> Record set:
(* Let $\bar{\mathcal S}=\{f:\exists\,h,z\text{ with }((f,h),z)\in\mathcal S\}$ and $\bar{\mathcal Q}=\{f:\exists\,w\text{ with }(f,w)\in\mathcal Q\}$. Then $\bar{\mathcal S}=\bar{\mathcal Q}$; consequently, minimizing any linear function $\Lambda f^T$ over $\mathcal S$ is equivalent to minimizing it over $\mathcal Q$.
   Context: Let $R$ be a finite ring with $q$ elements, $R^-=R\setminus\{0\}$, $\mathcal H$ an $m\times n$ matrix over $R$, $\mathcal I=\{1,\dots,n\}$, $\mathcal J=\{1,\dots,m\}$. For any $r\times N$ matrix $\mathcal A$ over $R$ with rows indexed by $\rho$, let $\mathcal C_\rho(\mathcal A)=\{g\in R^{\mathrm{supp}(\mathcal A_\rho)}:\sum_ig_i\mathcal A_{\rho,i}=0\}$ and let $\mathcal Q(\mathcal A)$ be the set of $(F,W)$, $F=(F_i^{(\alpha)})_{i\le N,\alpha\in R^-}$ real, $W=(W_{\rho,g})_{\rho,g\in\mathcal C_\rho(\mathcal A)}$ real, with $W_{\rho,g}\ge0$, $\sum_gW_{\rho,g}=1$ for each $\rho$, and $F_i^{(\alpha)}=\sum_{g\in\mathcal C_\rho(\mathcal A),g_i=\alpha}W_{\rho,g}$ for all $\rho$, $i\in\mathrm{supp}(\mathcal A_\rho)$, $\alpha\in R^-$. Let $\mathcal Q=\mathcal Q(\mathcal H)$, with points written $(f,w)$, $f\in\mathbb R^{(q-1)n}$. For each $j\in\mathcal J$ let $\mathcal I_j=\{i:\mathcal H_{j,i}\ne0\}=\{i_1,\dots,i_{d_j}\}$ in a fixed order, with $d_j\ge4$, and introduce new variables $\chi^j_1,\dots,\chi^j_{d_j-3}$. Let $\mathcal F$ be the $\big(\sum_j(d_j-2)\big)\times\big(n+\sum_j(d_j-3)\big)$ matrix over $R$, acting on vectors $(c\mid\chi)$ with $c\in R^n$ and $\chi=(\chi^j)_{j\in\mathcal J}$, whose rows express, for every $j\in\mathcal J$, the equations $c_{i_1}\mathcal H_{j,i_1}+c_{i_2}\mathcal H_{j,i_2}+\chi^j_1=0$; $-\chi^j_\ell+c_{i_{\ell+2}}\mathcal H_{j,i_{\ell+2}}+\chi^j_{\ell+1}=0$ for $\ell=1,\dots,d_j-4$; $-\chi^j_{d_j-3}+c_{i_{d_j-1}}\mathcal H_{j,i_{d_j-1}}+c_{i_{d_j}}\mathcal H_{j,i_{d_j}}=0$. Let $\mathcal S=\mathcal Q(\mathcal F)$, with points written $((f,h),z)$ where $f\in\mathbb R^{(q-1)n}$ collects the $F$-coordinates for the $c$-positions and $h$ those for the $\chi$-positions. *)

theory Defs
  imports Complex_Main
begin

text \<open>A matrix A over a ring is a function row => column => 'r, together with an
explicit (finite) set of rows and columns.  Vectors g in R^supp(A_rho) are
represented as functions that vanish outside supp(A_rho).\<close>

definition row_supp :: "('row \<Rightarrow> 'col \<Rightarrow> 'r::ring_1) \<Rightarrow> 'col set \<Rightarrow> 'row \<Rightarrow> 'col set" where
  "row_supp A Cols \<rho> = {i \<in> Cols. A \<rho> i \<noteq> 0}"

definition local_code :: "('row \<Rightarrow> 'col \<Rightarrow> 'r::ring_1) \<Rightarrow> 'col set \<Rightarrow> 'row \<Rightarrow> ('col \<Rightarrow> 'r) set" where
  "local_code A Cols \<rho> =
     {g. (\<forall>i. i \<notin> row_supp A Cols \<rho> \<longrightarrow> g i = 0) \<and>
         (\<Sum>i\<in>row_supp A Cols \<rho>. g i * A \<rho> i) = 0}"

> Work instructions:
Report each line of the records that holds the word "Cols".

> Answer:
  "row_supp A Cols \<rho> = {i \<in> Cols. A \<rho> i \<noteq> 0}"
  "local_code A Cols \<rho> =
     {g. (\<forall>i. i \<notin> row_supp A Cols \<rho> \<longrightarrow> g i = 0) \<and>
         (\<Sum>i\<in>row_supp A Cols \<rho>. g i * A \<rho> i) = 0}"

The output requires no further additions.